lemma set_integrable_normal_precision_mixture:
  assumes "\<phi> \<noteq> 0" and [measurable]: "\<pi> \<in> borel_measurable lborel"
    and "\<And>\<gamma>. 0 < \<gamma> \<Longrightarrow> \<bar>\<pi> \<gamma>\<bar> \<le> B / \<gamma>"
  shows "set_integrable lborel {0<..} (\<lambda>\<gamma>. normal_prec_density \<gamma> \<phi> * \<pi> \<gamma>)"
proof -
  define s where "s = \<phi>\<^sup>2 / 2"
  have "0 < s"
    using assms(1) by (simp add: s_def)
  hence dom: "set_integrable lborel {0<..}
                (\<lambda>\<gamma>. B / sqrt (2 * pi) * (\<gamma> powr (-1/2) * exp (- s * \<gamma>)))"
    using set_integrable_powr_exp[of "-1/2" s] by simp
  show ?thesis
  proof (rule set_integrable_bound[OF dom])
    show "set_borel_measurable lborel {0<..} (\<lambda>\<gamma>. normal_prec_density \<gamma> \<phi> * \<pi> \<gamma>)"
      unfolding set_borel_measurable_def normal_prec_density_def by measurable
    have "\<bar>normal_prec_density \<gamma> \<phi> * \<pi> \<gamma>\<bar>
            \<le> \<bar>B / sqrt (2 * pi) * (\<gamma> powr (-1/2) * exp (- s * \<gamma>))\<bar>" if "0 < \<gamma>" for \<gamma>
    proof -
      have "\<bar>normal_prec_density \<gamma> \<phi> * \<pi> \<gamma>\<bar> = sqrt \<gamma> / sqrt (2 * pi) * exp (- s * \<gamma>) * \<bar>\<pi> \<gamma>\<bar>"
        using that by (simp add: normal_prec_density_eq s_def abs_mult)
      also have "\<dots> \<le> sqrt \<gamma> / sqrt (2 * pi) * exp (- s * \<gamma>) * (B / \<gamma>)"
        using assms(3)[OF that] that by (intro mult_left_mono) auto
      also have "\<dots> = B / sqrt (2 * pi) * (\<gamma> powr (-1/2) * exp (- s * \<gamma>))"
        using that by (simp add: powr_minus_divide powr_half_sqrt field_simps)
      finally show ?thesis
        by linarith
    qed
    thus "AE \<gamma> in lborel. \<gamma> \<in> {0<..} \<longrightarrow> norm (normal_prec_density \<gamma> \<phi> * \<pi> \<gamma>)
            \<le> norm (B / sqrt (2 * pi) * (\<gamma> powr (-1/2) * exp (- s * \<gamma>)))"
      by auto
  qed
qed

text \<open>Only the larger mixture needs to be integrable: a non-integrable Bochner integral is 0.\<close>
lemma normal_precision_mixture_mono:
  assumes "set_integrable lborel {0<..} (\<lambda>\<gamma>. normal_prec_density \<gamma> \<phi> * \<pi>' \<gamma>)"
    and "\<And>\<gamma>. 0 < \<gamma> \<Longrightarrow> \<pi> \<gamma> \<le> c * \<pi>' \<gamma>" and "\<And>\<gamma>. 0 < \<gamma> \<Longrightarrow> 0 \<le> \<pi>' \<gamma>" and "0 \<le> c"
  shows "normal_precision_mixture \<pi> \<phi> \<le> c * normal_precision_mixture \<pi>' \<phi>"
proof -
  have "normal_precision_mixture \<pi> \<phi>
          \<le> (LBINT \<gamma>. c * (indicator {0<..} \<gamma> * (normal_prec_density \<gamma> \<phi> * \<pi>' \<gamma>)))"
    unfolding normal_precision_mixture_def set_lebesgue_integral_def
  proof (rule integral_mono')
    show "integrable lborel (\<lambda>\<gamma>. c * (indicator {0<..} \<gamma> * (normal_prec_density \<gamma> \<phi> * \<pi>' \<gamma>)))"
      using assms(1) by (simp add: set_integrable_def)
    fix \<gamma> :: real
    have "0 \<le> normal_prec_density \<gamma> \<phi>" if "0 < \<gamma>"
      using that by (simp add: normal_prec_density_def)
    thus "indicator {0<..} \<gamma> *\<^sub>R (normal_prec_density \<gamma> \<phi> * \<pi> \<gamma>)
            \<le> c * (indicator {0<..} \<gamma> * (normal_prec_density \<gamma> \<phi> * \<pi>' \<gamma>))"
      and "0 \<le> c * (indicator {0<..} \<gamma> * (normal_prec_density \<gamma> \<phi> * \<pi>' \<gamma>))"
      using assms(2,3)[of \<gamma>] assms(4) mult_left_mono[of "\<pi> \<gamma>" "c * \<pi>' \<gamma>" "normal_prec_density \<gamma> \<phi>"]
      by (auto simp: indicator_def mult.left_commute)
  qed
  also have "\<dots> = c * normal_precision_mixture \<pi>' \<phi>"
    by (simp add: normal_precision_mixture_def set_lebesgue_integral_def)
  finally show ?thesis .
qed

lemma set_integrable_log_laplace_mixture:
  assumes "0 < a" "\<phi> \<noteq> 0"
  shows "set_integrable lborel {0<..} (\<lambda>\<gamma>. normal_prec_density \<gamma> \<phi> * log_laplace_gamma_density a \<gamma>)"
  using assms by (intro set_integrable_normal_precision_mixture[where B = "a / 2"])
    (auto simp: log_laplace_gamma_density_def divide_le_cancel)

lemma set_integrable_hths_plus_mixture:
  assumes "\<phi> \<noteq> 0"
  shows "set_integrable lborel {0<..} (\<lambda>\<gamma>. normal_prec_density \<gamma> \<phi> * hths_plus_gamma_density \<gamma>)"
proof (rule set_integrable_normal_precision_mixture[where B = "1 / (2 * pi\<^sup>2)"])
  fix \<gamma> :: real
  assume "0 < \<gamma>"
  hence "0 \<le> hths_plus_gamma_density \<gamma>"
    by (simp add: hths_plus_gamma_density_def add_nonneg_pos)
  moreover have "hths_plus_gamma_density \<gamma> \<le> 2 / (\<gamma> * (4 * pi\<^sup>2))"
    unfolding hths_plus_gamma_density_def using \<open>0 < \<gamma>\<close>
    by (intro divide_left_mono mult_left_mono mult_pos_pos) (auto simp: add_nonneg_pos)
  ultimately show "\<bar>hths_plus_gamma_density \<gamma>\<bar> \<le> 1 / (2 * pi\<^sup>2) / \<gamma>"
    by (simp add: power2_eq_square)
qed (use assms in auto)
○ ○ ○
## What is being asked:
What you should do is return the records above exactly, leaving nothing out.

## Task response:
lemma set_integrable_normal_precision_mixture:
  assumes "\<phi> \<noteq> 0" and [measurable]: "\<pi> \<in> borel_measurable lborel"
    and "\<And>\<gamma>. 0 < \<gamma> \<Longrightarrow> \<bar>\<pi> \<gamma>\<bar> \<le> B / \<gamma>"
  shows "set_integrable lborel {0<..} (\<lambda>\<gamma>. normal_prec_density \<gamma> \<phi> * \<pi> \<gamma>)"
proof -
  define s where "s = \<phi>\<^sup>2 / 2"
  have "0 < s"
    using assms(1) by (simp add: s_def)
  hence dom: "set_integrable lborel {0<..}
                (\<lambda>\<gamma>. B / sqrt (2 * pi) * (\<gamma> powr (-1/2) * exp (- s * \<gamma>)))"
    using set_integrable_powr_exp[of "-1/2" s] by simp
  show ?thesis
  proof (rule set_integrable_bound[OF dom])
    show "set_borel_measurable lborel {0<..} (\<lambda>\<gamma>. normal_prec_density \<gamma> \<phi> * \<pi> \<gamma>)"
      unfolding set_borel_measurable_def normal_prec_density_def by measurable
    have "\<bar>normal_prec_density \<gamma> \<phi> * \<pi> \<gamma>\<bar>
            \<le> \<bar>B / sqrt (2 * pi) * (\<gamma> powr (-1/2) * exp (- s * \<gamma>))\<bar>" if "0 < \<gamma>" for \<gamma>
    proof -
      have "\<bar>normal_prec_density \<gamma> \<phi> * \<pi> \<gamma>\<bar> = sqrt \<gamma> / sqrt (2 * pi) * exp (- s * \<gamma>) * \<bar>\<pi> \<gamma>\<bar>"
        using that by (simp add: normal_prec_density_eq s_def abs_mult)
      also have "\<dots> \<le> sqrt \<gamma> / sqrt (2 * pi) * exp (- s * \<gamma>) * (B / \<gamma>)"
        using assms(3)[OF that] that by (intro mult_left_mono) auto
      also have "\<dots> = B / sqrt (2 * pi) * (\<gamma> powr (-1/2) * exp (- s * \<gamma>))"
        using that by (simp add: powr_minus_divide powr_half_sqrt field_simps)
      finally show ?thesis
        by linarith
    qed
    thus "AE \<gamma> in lborel. \<gamma> \<in> {0<..} \<longrightarrow> norm (normal_prec_density \<gamma> \<phi> * \<pi> \<gamma>)
            \<le> norm (B / sqrt (2 * pi) * (\<gamma> powr (-1/2) * exp (- s * \<gamma>)))"
      by auto
  qed
qed

text \<open>Only the larger mixture needs to be integrable: a non-integrable Bochner integral is 0.\<close>
lemma normal_precision_mixture_mono:
  assumes "set_integrable lborel {0<..} (\<lambda>\<gamma>. normal_prec_density \<gamma> \<phi> * \<pi>' \<gamma>)"
    and "\<And>\<gamma>. 0 < \<gamma> \<Longrightarrow> \<pi> \<gamma> \<le> c * \<pi>' \<gamma>" and "\<And>\<gamma>. 0 < \<gamma> \<Longrightarrow> 0 \<le> \<pi>' \<gamma>" and "0 \<le> c"
  shows "normal_precision_mixture \<pi> \<phi> \<le> c * normal_precision_mixture \<pi>' \<phi>"
proof -
  have "normal_precision_mixture \<pi> \<phi>
          \<le> (LBINT \<gamma>. c * (indicator {0<..} \<gamma> * (normal_prec_density \<gamma> \<phi> * \<pi>' \<gamma>)))"
    unfolding normal_precision_mixture_def set_lebesgue_integral_def
  proof (rule integral_mono')
    show "integrable lborel (\<lambda>\<gamma>. c * (indicator {0<..} \<gamma> * (normal_prec_density \<gamma> \<phi> * \<pi>' \<gamma>)))"
      using assms(1) by (simp add: set_integrable_def)
    fix \<gamma> :: real
    have "0 \<le> normal_prec_density \<gamma> \<phi>" if "0 < \<gamma>"
      using that by (simp add: normal_prec_density_def)
    thus "indicator {0<..} \<gamma> *\<^sub>R (normal_prec_density \<gamma> \<phi> * \<pi> \<gamma>)
            \<le> c * (indicator {0<..} \<gamma> * (normal_prec_density \<gamma> \<phi> * \<pi>' \<gamma>))"
      and "0 \<le> c * (indicator {0<..} \<gamma> * (normal_prec_density \<gamma> \<phi> * \<pi>' \<gamma>))"
      using assms(2,3)[of \<gamma>] assms(4) mult_left_mono[of "\<pi> \<gamma>" "c * \<pi>' \<gamma>" "normal_prec_density \<gamma> \<phi>"]
      by (auto simp: indicator_def mult.left_commute)
  qed
  also have "\<dots> = c * normal_precision_mixture \<pi>' \<phi>"
    by (simp add: normal_precision_mixture_def set_lebesgue_integral_def)
  finally show ?thesis .
qed

lemma set_integrable_log_laplace_mixture:
  assumes "0 < a" "\<phi> \<noteq> 0"
  shows "set_integrable lborel {0<..} (\<lambda>\<gamma>. normal_prec_density \<gamma> \<phi> * log_laplace_gamma_density a \<gamma>)"
  using assms by (intro set_integrable_normal_precision_mixture[where B = "a / 2"])
    (auto simp: log_laplace_gamma_density_def divide_le_cancel)

lemma set_integrable_hths_plus_mixture:
  assumes "\<phi> \<noteq> 0"
  shows "set_integrable lborel {0<..} (\<lambda>\<gamma>. normal_prec_density \<gamma> \<phi> * hths_plus_gamma_density \<gamma>)"
proof (rule set_integrable_normal_precision_mixture[where B = "1 / (2 * pi\<^sup>2)"])
  fix \<gamma> :: real
  assume "0 < \<gamma>"
  hence "0 \<le> hths_plus_gamma_density \<gamma>"
    by (simp add: hths_plus_gamma_density_def add_nonneg_pos)
  moreover have "hths_plus_gamma_density \<gamma> \<le> 2 / (\<gamma> * (4 * pi\<^sup>2))"
    unfolding hths_plus_gamma_density_def using \<open>0 < \<gamma>\<close>
    by (intro divide_left_mono mult_left_mono mult_pos_pos) (auto simp: add_nonneg_pos)
  ultimately show "\<bar>hths_plus_gamma_density \<gamma>\<bar> \<le> 1 / (2 * pi\<^sup>2) / \<gamma>"
    by (simp add: power2_eq_square)
qed (use assms in auto)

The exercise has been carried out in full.